— Task details —
Beginning with the first line of the data below, reproduce every line unchanged, ending with the line that holds "(subst sum_Suc_diff) auto".

• • • •

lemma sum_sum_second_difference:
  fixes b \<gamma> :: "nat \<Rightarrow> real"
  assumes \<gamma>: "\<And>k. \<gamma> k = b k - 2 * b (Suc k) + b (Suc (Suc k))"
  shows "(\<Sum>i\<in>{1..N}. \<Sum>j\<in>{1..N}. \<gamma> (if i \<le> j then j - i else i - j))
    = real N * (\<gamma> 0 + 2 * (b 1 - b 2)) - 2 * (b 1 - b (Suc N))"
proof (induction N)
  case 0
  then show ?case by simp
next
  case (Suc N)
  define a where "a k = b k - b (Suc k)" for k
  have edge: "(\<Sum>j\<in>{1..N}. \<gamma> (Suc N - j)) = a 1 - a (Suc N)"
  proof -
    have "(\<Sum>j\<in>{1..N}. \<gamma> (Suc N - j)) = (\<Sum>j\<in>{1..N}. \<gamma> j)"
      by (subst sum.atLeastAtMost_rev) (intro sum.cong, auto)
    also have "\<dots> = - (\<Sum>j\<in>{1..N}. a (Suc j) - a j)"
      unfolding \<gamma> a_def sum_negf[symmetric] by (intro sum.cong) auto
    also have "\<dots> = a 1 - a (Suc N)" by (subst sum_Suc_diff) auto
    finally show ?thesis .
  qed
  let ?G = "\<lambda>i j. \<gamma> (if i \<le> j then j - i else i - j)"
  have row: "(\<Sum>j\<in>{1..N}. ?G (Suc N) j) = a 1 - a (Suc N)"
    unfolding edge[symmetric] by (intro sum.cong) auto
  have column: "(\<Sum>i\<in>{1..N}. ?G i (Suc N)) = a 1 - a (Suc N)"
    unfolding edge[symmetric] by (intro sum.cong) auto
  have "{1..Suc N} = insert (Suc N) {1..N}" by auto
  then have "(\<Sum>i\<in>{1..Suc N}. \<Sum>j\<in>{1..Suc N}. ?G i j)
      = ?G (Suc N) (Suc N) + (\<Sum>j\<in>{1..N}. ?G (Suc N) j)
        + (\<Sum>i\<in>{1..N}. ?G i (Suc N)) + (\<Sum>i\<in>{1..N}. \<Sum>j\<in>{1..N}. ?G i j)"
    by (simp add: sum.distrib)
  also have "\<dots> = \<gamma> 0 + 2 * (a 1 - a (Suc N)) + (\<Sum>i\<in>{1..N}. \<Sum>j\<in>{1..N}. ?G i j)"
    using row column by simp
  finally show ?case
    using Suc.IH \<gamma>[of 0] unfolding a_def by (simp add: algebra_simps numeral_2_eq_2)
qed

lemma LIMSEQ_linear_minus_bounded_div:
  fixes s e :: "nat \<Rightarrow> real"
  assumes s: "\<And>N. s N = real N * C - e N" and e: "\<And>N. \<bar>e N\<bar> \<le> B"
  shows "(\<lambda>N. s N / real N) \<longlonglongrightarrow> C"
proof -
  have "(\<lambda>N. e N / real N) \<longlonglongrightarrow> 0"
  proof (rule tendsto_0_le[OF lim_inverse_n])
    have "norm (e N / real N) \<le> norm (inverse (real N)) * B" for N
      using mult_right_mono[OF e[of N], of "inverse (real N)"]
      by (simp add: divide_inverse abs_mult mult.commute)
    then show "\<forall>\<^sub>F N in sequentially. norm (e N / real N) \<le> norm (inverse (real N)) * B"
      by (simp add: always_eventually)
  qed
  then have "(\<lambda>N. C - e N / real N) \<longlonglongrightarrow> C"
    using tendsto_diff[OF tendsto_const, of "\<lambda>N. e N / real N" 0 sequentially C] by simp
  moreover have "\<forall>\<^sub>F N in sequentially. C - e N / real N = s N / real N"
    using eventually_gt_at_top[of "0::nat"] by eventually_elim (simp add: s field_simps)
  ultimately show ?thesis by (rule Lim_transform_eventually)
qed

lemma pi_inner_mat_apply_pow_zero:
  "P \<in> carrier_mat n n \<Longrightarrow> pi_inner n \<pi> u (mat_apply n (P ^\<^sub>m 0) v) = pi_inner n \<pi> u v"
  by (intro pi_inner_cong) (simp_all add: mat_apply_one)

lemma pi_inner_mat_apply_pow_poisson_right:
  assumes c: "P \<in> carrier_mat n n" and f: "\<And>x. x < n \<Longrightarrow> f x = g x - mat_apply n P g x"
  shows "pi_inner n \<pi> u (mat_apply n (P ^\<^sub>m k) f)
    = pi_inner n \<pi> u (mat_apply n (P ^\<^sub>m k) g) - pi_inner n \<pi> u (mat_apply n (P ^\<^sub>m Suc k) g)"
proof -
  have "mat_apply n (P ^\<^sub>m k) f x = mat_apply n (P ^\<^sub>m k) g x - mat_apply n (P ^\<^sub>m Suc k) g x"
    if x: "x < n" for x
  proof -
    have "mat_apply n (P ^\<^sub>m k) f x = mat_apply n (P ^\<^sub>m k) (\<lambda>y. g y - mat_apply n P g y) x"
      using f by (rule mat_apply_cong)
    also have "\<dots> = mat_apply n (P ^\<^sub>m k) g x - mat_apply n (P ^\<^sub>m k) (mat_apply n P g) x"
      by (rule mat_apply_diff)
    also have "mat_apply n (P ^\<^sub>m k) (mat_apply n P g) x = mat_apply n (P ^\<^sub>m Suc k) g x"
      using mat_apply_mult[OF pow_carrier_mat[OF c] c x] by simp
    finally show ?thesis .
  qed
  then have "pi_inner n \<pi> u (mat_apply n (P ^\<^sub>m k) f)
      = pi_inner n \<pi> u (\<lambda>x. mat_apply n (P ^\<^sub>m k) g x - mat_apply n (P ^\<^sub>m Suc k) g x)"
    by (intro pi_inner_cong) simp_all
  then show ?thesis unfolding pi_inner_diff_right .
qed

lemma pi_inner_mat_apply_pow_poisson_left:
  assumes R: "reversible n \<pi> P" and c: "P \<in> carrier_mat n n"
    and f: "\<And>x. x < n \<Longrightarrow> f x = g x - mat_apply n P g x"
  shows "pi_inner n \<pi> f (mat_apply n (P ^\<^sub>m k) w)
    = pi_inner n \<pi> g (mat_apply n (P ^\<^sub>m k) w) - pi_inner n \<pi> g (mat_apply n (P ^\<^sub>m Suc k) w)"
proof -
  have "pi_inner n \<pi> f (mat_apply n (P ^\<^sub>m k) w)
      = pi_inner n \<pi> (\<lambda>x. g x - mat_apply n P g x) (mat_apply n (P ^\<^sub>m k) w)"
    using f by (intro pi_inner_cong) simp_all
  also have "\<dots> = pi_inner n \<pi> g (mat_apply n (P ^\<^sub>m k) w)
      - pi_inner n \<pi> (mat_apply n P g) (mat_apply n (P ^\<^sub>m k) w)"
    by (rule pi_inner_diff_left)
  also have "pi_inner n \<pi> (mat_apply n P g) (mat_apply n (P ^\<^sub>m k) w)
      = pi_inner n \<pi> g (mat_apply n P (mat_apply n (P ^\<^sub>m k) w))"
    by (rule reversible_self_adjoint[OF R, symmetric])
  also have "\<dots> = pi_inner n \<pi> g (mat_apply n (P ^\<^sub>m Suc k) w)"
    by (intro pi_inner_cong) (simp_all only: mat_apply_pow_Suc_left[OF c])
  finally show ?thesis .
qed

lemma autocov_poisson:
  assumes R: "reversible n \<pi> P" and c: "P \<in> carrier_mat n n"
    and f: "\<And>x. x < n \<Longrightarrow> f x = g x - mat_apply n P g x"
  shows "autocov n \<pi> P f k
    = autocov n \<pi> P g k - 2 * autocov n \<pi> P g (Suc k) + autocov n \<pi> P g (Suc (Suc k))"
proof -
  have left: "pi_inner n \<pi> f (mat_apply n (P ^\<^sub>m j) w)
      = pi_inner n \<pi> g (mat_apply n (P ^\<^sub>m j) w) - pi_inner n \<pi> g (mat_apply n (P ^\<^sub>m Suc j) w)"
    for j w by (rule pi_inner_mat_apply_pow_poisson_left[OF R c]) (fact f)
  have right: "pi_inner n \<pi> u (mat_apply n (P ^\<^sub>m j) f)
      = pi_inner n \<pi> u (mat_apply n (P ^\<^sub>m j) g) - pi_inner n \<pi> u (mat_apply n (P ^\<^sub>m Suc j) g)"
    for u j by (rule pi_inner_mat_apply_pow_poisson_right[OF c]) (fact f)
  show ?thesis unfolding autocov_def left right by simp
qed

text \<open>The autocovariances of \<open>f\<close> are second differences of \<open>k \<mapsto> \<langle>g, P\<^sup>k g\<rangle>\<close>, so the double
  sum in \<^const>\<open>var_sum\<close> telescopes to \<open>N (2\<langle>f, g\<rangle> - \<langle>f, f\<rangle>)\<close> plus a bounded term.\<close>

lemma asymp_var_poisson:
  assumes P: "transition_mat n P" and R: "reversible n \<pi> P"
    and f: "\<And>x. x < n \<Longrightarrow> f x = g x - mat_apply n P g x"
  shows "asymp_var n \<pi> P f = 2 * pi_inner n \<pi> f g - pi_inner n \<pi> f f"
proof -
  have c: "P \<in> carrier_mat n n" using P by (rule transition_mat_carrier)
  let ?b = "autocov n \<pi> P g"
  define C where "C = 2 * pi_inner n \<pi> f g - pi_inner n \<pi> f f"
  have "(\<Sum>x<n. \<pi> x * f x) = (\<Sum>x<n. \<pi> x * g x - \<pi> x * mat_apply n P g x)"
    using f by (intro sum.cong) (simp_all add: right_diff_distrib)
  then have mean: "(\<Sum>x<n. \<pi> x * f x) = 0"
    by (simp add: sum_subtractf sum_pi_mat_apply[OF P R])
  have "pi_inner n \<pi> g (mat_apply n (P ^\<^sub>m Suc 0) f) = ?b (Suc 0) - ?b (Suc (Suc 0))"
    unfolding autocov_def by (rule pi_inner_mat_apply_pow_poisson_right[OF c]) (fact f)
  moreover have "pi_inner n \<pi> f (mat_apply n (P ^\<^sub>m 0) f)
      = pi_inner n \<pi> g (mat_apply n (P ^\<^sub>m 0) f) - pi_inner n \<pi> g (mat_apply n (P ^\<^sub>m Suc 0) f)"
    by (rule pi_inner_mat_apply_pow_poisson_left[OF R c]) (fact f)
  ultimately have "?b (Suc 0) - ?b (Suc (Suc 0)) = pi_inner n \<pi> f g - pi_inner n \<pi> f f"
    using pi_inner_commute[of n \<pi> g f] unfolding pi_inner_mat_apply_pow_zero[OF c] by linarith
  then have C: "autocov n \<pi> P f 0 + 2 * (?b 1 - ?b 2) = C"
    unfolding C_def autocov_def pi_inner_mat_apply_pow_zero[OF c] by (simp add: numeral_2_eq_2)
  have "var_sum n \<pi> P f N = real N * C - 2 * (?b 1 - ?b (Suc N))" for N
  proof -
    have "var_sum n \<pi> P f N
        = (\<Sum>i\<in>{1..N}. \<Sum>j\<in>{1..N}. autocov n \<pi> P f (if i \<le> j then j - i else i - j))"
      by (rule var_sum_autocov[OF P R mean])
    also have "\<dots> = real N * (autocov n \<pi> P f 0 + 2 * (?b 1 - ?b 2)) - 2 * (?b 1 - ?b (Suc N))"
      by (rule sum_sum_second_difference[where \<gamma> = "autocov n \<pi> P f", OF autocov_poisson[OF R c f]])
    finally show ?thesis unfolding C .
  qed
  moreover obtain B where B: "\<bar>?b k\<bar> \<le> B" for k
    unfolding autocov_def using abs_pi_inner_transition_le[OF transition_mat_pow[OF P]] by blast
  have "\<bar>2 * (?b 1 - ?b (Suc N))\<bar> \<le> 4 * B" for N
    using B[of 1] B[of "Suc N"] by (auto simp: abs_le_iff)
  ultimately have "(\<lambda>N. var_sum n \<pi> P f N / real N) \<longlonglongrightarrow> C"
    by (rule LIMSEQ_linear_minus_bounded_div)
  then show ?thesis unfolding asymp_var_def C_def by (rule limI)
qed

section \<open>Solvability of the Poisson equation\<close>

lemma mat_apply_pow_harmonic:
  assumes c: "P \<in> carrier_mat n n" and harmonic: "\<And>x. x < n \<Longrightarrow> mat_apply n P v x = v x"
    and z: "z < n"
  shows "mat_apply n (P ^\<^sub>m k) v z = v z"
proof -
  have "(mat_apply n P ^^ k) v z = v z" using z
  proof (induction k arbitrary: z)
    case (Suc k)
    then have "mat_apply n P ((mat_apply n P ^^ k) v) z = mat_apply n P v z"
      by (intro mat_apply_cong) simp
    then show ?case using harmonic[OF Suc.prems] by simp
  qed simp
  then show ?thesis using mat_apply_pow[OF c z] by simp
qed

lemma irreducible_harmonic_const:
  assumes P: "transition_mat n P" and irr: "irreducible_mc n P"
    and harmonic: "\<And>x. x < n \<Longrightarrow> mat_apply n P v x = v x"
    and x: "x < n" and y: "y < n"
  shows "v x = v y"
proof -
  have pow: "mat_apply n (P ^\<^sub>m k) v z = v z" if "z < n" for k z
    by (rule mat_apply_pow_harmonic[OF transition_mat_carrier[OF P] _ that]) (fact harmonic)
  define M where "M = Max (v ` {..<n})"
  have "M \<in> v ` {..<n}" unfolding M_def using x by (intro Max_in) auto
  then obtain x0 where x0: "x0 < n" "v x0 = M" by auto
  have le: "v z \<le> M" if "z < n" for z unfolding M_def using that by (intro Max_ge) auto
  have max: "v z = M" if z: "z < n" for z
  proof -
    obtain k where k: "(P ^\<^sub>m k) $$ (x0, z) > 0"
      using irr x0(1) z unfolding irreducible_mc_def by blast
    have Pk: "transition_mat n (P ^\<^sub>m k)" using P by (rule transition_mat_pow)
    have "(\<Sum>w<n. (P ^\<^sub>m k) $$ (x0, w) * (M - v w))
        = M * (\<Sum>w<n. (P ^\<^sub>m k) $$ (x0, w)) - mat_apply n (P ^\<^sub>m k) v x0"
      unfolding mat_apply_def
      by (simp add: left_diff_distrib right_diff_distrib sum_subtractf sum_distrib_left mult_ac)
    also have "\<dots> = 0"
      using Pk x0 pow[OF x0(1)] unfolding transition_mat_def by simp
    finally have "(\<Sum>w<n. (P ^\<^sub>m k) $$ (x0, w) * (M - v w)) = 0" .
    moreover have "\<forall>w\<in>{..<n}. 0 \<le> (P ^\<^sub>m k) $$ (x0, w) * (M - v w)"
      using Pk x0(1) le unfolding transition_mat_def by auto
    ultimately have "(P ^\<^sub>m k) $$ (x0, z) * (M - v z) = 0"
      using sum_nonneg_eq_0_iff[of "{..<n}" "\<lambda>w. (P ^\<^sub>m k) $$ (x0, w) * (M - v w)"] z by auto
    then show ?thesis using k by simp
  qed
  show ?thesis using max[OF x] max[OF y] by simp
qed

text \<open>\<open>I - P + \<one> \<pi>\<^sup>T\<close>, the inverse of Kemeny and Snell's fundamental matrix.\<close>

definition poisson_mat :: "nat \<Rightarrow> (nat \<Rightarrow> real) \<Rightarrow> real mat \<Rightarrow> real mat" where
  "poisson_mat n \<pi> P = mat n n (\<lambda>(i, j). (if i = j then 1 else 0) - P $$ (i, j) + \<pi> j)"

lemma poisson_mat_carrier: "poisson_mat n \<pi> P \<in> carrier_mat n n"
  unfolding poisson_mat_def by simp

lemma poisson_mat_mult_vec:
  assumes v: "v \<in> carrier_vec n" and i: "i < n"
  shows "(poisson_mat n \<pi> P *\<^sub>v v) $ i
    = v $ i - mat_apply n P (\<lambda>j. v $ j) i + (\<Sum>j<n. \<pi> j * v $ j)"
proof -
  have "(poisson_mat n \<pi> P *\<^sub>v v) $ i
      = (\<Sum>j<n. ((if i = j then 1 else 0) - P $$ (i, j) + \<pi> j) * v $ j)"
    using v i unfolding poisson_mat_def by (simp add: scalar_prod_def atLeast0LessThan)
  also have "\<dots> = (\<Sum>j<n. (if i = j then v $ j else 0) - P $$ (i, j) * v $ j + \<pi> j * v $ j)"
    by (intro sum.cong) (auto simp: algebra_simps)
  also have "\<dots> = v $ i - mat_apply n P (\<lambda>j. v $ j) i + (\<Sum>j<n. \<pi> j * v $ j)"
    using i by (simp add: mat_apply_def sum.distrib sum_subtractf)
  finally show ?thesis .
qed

• • • •

— Answer box —
lemma sum_sum_second_difference:
  fixes b \<gamma> :: "nat \<Rightarrow> real"
  assumes \<gamma>: "\<And>k. \<gamma> k = b k - 2 * b (Suc k) + b (Suc (Suc k))"
  shows "(\<Sum>i\<in>{1..N}. \<Sum>j\<in>{1..N}. \<gamma> (if i \<le> j then j - i else i - j))
    = real N * (\<gamma> 0 + 2 * (b 1 - b 2)) - 2 * (b 1 - b (Suc N))"
proof (induction N)
  case 0
  then show ?case by simp
next
  case (Suc N)
  define a where "a k = b k - b (Suc k)" for k
  have edge: "(\<Sum>j\<in>{1..N}. \<gamma> (Suc N - j)) = a 1 - a (Suc N)"
  proof -
    have "(\<Sum>j\<in>{1..N}. \<gamma> (Suc N - j)) = (\<Sum>j\<in>{1..N}. \<gamma> j)"
      by (subst sum.atLeastAtMost_rev) (intro sum.cong, auto)
    also have "\<dots> = - (\<Sum>j\<in>{1..N}. a (Suc j) - a j)"
      unfolding \<gamma> a_def sum_negf[symmetric] by (intro sum.cong) auto
    also have "\<dots> = a 1 - a (Suc N)" by (subst sum_Suc_diff) auto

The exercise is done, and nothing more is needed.